The research involved reviewing alternative recruitment methods based on successful strategies employed in the industry. Three main options emerged: offering free investment courses to individual investors, advertising in national and local publications, and providing informational services through large corporations. The first two options were rejected based on their limitations: small individual investors with limited disposable income would not significantly contribute to increasing commissions, and traditional advertising risked damaging the firm’s high-end reputation. Instead, the firm decided to focus on corporate clients, specifically employees of large companies where the firm had existing relationships managing retirement portfolios. These clients already trusted the firm's capabilities and had higher investment capacities.
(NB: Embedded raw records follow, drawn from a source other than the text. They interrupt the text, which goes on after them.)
(* Fix labels $z_1,\dots,z_n\in[K]$ such that every community size $n_k=\#\{i:z_i=k\}$ is positive (so $\mathbf{N}=\mathrm{diag}(n_1,\dots,n_K)$ is invertible). Then $\tilde{\mathbf{L}}\tilde{\mathbf{L}}^\top\mathbf{x}=T\mathbf{x}$ for every $\mathbf{x}\in\mathcal{S}^\perp$, and if $\tilde{\mathbf{x}}^{(1)},\dots,\tilde{\mathbf{x}}^{(K)}$ are orthonormal left singular vectors of $\tilde{\mathbf{M}}$ for the singular values $\tilde\lambda_1,\dots,\tilde\lambda_K$, then the vectors $\tilde{\mathbf{u}}^{(i)}=\mathbf{\Phi}\mathbf{N}^{-1/2}\tilde{\mathbf{x}}^{(i)}\in\mathcal{S}$ are orthonormal and satisfy $\tilde{\mathbf{L}}\tilde{\mathbf{L}}^\top\tilde{\mathbf{u}}^{(i)}=\tilde\lambda_i^2\tilde{\mathbf{u}}^{(i)}$. Consequently the SVD of $\tilde{\mathbf{L}}$ consists of the singular value $\sqrt T$ with multiplicity $n-K$, whose left singular vectors form an orthonormal basis of $\mathcal{S}^\perp$, together with the singular values $\tilde\lambda_1,\dots,\tilde\lambda_K$ with corresponding left singular vectors $\tilde{\mathbf{u}}^{(1)},\dots,\tilde{\mathbf{u}}^{(K)}$.
   Context: Let $\mathbf{B}^{(1)},\dots,\mathbf{B}^{(T)}\in[0,1]^{K\times K}$ be symmetric with all entries positive, $\rho\in(0,1]$, and $P^{(t)}_{ij}=\rho B^{(t)}_{z_iz_j}$. $\tilde d^{(t)}_i=\sum_jP^{(t)}_{ij}$, $\tilde{\mathbf{D}}^{(t)}=\mathrm{diag}(\tilde d^{(t)}_i)$, $\tilde{\mathbf{L}}^{(t)}=\mathbf{I}_n-\tilde{\mathbf{D}}^{(t)-1/2}\mathbf{P}^{(t)}\tilde{\mathbf{D}}^{(t)-1/2}$, $\tilde{\mathbf{L}}=[\tilde{\mathbf{L}}^{(1)}\mid\cdots\mid\tilde{\mathbf{L}}^{(T)}]\in\mathbb{R}^{n\times nT}$. Community matrices: $\tilde Q^{(t)}_{kl}=\frac{n_k}{n}\frac{n_l}{n}B^{(t)}_{kl}$, $\tilde{\mathbf{D}}_Q^{(t)}$ the diagonal matrix of row sums of $\tilde{\mathbf{Q}}^{(t)}$, $\tilde{\mathbf{M}}^{(t)}=\mathbf{I}_K-\tilde{\mathbf{D}}_Q^{(t)-1/2}\tilde{\mathbf{Q}}^{(t)}\tilde{\mathbf{D}}_Q^{(t)-1/2}$, $\tilde{\mathbf{M}}=[\tilde{\mathbf{M}}^{(1)}\mid\cdots\mid\tilde{\mathbf{M}}^{(T)}]\in\mathbb{R}^{K\times KT}$ with singular values $\tilde\lambda_1\le\cdots\le\tilde\lambda_K$. $\mathbf{\Phi}\in\{0,1\}^{n\times K}$ has entries $\Phi_{ik}=1$ iff $z_i=k$; $\mathcal{S}$ is the column span of $\mathbf{\Phi}$ and $\mathcal{S}^\perp=\{\mathbf{x}\in\mathbb{R}^n:\sum_{i:z_i=k}x_i=0\ \forall k\}$. *)

theory Defs
  imports "HOL-Analysis.Analysis"
begin

text \<open>Nodes are indexed by a finite type 'n (n = CARD('n)), communities by a finite
  type 'k (K = CARD('k)), time layers by a finite type 't (T = CARD('t)).\<close>

definition diag_mat :: "real^'n \<Rightarrow> real^'n^'n" where
  "diag_mat v = (\<chi> i j. if i = j then v $ i else 0)"

definition Pmat :: "('t \<Rightarrow> real^'k^'k) \<Rightarrow> real \<Rightarrow> ('n \<Rightarrow> 'k) \<Rightarrow> 't \<Rightarrow> real^'n^'n" where
  "Pmat B \<rho> z t = (\<chi> i j. \<rho> * B t $ z i $ z j)"

definition dtil :: "('t \<Rightarrow> real^'k^'k) \<Rightarrow> real \<Rightarrow> ('n \<Rightarrow> 'k) \<Rightarrow> 't \<Rightarrow> real^'n" where
  "dtil B \<rho> z t = (\<chi> i. \<Sum>j\<in>UNIV. Pmat B \<rho> z t $ i $ j)"

definition Ltil :: "('t \<Rightarrow> real^'k^'k) \<Rightarrow> real \<Rightarrow> ('n \<Rightarrow> 'k) \<Rightarrow> 't \<Rightarrow> real^'n^'n" where
  "Ltil B \<rho> z t =
     mat 1 - diag_mat (\<chi> i. 1 / sqrt (dtil B \<rho> z t $ i)) ** Pmat B \<rho> z t
               ** diag_mat (\<chi> i. 1 / sqrt (dtil B \<rho> z t $ i))"

text \<open>Horizontal concatenation [L^(1) | ... | L^(T)]: column (j,t) is column j of L^(t).\<close>
definition Lcat :: "('t::finite \<Rightarrow> real^'k^'k) \<Rightarrow> real \<Rightarrow> ('n::finite \<Rightarrow> 'k) \<Rightarrow> real^('n \<times> 't)^'n" where
  "Lcat B \<rho> z = (\<chi> i p. Ltil B \<rho> z (snd p) $ i $ fst p)"

definition csize :: "('n \<Rightarrow> 'k) \<Rightarrow> 'k \<Rightarrow> nat" where
  "csize z k = card {i. z i = k}"

definition Qmat :: "('t \<Rightarrow> real^'k^'k) \<Rightarrow> ('n::finite \<Rightarrow> 'k) \<Rightarrow> 't \<Rightarrow> real^'k^'k" where
  "Qmat B z t = (\<chi> k l. (real (csize z k) / real CARD('n)) * (real (csize z l) / real CARD('n)) * B t $ k $ l)"

definition DQ :: "('t \<Rightarrow> real^'k^'k) \<Rightarrow> ('n::finite \<Rightarrow> 'k) \<Rightarrow> 't \<Rightarrow> real^'k^'k" where
  "DQ B z t = diag_mat (\<chi> k. \<Sum>l\<in>UNIV. Qmat B z t $ k $ l)"

definition Mtil :: "('t \<Rightarrow> real^'k^'k) \<Rightarrow> ('n::finite \<Rightarrow> 'k) \<Rightarrow> 't \<Rightarrow> real^'k^'k" where
  "Mtil B z t =
     mat 1 - diag_mat (\<chi> k. 1 / sqrt (DQ B z t $ k $ k)) ** Qmat B z t
               ** diag_mat (\<chi> k. 1 / sqrt (DQ B z t $ k $ k))"

definition Mcat :: "('t::finite \<Rightarrow> real^'k^'k) \<Rightarrow> ('n::finite \<Rightarrow> 'k) \<Rightarrow> real^('k \<times> 't)^'k" where
  "Mcat B z = (\<chi> k p. Mtil B z (snd p) $ k $ fst p)"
The proposed recruitment plan involved developing targeted marketing tools, hosting initial informational breakfast meetings for corporate executives, demonstrating the advantages of consolidating investment accounts, and scheduling personalized meetings with both executives and employees. This approach aimed to build rapport, trust, and long-term relationships, leveraging the existing reputation of Jones Williams and its familiarity within corporate environments. Although this method may generate smaller immediate commissions compared to large-scale investors, it aligns with the company's long-term value of providing stable investment solutions and maintaining its high-quality client base.

In conclusion, the case study highlights that strategic, relationship-based recruitment efforts focused on existing corporate clients are more aligned with Jones Williams’ upscale brand and long-term growth objectives. The targeted approach enhances reputation, fosters loyalty, and attracts clients with sophisticated investment philosophies matching the firm’s mission. This case underlines the importance of understanding client demographics, corporate relationships, and brand positioning when designing effective recruitment strategies in the financial services sector.